--- EXERCISE MATERIALS Enclosed Below ---
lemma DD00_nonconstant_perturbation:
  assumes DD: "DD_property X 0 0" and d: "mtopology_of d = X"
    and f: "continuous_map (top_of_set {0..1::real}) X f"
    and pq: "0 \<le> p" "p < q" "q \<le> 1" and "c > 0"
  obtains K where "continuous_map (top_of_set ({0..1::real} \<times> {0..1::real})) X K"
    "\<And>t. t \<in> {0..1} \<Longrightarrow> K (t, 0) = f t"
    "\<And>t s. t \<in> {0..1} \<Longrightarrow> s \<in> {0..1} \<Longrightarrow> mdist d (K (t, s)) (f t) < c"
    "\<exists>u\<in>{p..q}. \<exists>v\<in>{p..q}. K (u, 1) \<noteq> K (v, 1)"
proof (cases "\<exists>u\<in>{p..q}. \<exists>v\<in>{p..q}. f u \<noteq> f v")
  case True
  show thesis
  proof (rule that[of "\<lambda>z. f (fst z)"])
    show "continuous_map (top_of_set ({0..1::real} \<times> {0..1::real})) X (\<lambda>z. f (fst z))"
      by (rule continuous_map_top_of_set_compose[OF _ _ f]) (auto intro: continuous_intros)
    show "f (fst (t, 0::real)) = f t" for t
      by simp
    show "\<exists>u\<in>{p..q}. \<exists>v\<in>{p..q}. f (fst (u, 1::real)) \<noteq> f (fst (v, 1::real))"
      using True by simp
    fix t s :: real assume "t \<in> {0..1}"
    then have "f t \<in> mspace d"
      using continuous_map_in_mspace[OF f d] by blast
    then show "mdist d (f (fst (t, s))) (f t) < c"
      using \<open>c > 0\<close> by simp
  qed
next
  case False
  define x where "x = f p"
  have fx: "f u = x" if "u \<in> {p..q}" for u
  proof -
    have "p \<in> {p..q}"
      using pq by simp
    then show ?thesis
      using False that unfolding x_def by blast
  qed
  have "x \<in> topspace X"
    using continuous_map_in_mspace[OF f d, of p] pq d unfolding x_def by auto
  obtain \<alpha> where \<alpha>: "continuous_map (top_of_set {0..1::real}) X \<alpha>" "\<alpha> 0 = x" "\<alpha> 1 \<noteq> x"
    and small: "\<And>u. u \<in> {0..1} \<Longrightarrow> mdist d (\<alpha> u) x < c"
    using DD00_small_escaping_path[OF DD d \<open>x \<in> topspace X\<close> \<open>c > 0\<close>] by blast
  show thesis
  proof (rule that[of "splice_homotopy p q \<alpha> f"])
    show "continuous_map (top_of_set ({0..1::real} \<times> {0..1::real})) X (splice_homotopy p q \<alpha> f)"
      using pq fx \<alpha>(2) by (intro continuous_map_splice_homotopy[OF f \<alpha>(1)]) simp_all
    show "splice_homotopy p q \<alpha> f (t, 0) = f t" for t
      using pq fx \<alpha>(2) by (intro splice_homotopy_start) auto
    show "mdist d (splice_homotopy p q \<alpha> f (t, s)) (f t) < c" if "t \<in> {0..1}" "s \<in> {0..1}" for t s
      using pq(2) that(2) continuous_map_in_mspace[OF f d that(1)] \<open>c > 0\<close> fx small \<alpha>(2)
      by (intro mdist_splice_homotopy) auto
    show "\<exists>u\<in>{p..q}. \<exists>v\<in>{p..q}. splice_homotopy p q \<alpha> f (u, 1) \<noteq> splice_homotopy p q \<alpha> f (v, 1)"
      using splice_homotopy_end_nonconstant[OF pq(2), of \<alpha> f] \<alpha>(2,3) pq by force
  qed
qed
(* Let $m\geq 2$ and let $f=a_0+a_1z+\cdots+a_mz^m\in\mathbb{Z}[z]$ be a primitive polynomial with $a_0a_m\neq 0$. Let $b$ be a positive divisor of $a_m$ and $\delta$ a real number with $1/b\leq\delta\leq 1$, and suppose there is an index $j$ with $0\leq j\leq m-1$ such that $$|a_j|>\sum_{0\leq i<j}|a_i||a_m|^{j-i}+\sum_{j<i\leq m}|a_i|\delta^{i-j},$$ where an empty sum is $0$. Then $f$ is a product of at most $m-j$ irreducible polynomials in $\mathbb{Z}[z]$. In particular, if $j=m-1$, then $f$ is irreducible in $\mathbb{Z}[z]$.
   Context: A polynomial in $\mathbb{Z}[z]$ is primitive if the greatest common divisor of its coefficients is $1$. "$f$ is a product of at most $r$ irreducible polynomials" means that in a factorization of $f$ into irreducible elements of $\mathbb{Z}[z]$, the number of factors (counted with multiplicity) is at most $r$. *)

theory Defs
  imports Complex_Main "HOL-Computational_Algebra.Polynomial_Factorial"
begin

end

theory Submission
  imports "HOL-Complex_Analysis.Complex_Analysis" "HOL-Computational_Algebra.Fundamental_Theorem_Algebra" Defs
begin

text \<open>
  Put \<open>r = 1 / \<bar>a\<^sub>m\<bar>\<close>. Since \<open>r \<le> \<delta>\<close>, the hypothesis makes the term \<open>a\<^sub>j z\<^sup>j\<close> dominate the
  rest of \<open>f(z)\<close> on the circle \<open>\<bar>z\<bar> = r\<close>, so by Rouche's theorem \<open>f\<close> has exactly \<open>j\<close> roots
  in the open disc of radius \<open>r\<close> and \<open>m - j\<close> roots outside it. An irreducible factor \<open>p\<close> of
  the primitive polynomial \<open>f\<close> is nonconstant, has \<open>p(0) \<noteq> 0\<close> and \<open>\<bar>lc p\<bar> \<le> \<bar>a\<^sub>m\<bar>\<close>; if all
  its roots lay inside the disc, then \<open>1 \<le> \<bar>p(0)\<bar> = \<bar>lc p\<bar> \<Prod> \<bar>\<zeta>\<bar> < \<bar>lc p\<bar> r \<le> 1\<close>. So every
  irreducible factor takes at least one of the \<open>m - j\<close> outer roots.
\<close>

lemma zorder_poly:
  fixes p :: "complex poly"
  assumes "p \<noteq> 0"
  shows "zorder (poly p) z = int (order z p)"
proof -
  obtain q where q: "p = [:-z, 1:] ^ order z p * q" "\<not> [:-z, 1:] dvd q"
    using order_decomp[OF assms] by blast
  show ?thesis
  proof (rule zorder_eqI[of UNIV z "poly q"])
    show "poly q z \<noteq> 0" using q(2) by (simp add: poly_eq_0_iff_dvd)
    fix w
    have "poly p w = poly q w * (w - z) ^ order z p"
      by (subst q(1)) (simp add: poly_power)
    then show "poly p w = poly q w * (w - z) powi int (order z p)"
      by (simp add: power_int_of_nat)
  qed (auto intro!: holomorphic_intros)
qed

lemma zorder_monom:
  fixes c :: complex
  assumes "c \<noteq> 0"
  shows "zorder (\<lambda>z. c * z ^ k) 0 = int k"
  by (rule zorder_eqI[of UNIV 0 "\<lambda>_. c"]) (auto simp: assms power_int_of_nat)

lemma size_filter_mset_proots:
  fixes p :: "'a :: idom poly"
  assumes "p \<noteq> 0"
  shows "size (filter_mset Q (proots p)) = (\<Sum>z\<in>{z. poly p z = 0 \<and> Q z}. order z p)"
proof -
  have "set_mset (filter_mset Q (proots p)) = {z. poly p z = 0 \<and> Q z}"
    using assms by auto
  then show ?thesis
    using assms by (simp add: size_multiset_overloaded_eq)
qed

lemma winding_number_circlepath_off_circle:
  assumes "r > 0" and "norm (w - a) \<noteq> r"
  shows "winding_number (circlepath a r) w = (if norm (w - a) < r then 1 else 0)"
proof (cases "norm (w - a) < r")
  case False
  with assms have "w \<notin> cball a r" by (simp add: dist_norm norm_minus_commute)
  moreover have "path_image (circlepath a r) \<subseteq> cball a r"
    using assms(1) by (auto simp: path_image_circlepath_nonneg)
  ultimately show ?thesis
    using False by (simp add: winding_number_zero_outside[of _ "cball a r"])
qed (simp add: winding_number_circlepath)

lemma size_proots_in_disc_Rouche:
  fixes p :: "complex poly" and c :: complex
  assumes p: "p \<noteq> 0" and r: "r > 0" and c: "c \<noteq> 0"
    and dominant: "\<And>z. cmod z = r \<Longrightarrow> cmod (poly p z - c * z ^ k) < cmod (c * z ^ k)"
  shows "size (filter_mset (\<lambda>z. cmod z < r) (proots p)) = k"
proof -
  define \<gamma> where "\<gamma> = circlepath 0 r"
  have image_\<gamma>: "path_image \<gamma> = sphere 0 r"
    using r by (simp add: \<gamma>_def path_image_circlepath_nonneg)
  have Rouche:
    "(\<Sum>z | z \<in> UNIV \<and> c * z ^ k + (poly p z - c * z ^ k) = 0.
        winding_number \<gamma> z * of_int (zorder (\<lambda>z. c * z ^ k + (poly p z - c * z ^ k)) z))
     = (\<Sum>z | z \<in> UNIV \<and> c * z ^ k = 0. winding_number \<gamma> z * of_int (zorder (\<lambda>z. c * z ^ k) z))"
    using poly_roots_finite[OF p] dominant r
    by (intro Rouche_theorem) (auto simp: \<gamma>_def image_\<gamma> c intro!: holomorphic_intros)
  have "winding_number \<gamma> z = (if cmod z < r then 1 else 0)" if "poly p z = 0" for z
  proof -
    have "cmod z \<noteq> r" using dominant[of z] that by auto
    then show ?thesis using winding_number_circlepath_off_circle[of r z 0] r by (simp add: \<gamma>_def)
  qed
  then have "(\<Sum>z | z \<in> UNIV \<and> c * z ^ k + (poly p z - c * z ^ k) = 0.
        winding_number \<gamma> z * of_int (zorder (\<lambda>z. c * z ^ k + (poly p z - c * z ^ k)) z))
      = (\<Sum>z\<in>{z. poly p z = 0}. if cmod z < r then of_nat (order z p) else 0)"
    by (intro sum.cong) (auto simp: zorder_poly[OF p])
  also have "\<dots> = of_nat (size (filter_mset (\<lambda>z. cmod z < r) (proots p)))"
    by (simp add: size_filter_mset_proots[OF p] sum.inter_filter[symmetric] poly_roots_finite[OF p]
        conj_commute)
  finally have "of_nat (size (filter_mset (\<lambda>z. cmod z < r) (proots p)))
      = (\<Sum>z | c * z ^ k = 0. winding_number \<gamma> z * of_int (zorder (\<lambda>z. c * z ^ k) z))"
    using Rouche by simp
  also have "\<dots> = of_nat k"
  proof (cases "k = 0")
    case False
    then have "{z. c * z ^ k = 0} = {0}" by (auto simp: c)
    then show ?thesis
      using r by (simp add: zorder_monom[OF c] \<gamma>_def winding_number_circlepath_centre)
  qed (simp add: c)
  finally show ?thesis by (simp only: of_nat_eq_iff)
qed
--- End of Enclosed EXERCISE MATERIALS ---
Could you reproduce exactly the lines of the entries above, from the one with "using \<open>c > 0\<close> by simp" through the one with "by (intro mdist_splice_homotopy) auto", and nothing else?

> **SOLUTION TO THE PROBLEM**
      using \<open>c > 0\<close> by simp
  qed
next
  case False
  define x where "x = f p"
  have fx: "f u = x" if "u \<in> {p..q}" for u
  proof -
    have "p \<in> {p..q}"
      using pq by simp
    then show ?thesis
      using False that unfolding x_def by blast
  qed
  have "x \<in> topspace X"
    using continuous_map_in_mspace[OF f d, of p] pq d unfolding x_def by auto
  obtain \<alpha> where \<alpha>: "continuous_map (top_of_set {0..1::real}) X \<alpha>" "\<alpha> 0 = x" "\<alpha> 1 \<noteq> x"
    and small: "\<And>u. u \<in> {0..1} \<Longrightarrow> mdist d (\<alpha> u) x < c"
    using DD00_small_escaping_path[OF DD d \<open>x \<in> topspace X\<close> \<open>c > 0\<close>] by blast
  show thesis
  proof (rule that[of "splice_homotopy p q \<alpha> f"])
    show "continuous_map (top_of_set ({0..1::real} \<times> {0..1::real})) X (splice_homotopy p q \<alpha> f)"
      using pq fx \<alpha>(2) by (intro continuous_map_splice_homotopy[OF f \<alpha>(1)]) simp_all
    show "splice_homotopy p q \<alpha> f (t, 0) = f t" for t
      using pq fx \<alpha>(2) by (intro splice_homotopy_start) auto
    show "mdist d (splice_homotopy p q \<alpha> f (t, s)) (f t) < c" if "t \<in> {0..1}" "s \<in> {0..1}" for t s
      using pq(2) that(2) continuous_map_in_mspace[OF f d that(1)] \<open>c > 0\<close> fx small \<alpha>(2)
      by (intro mdist_splice_homotopy) auto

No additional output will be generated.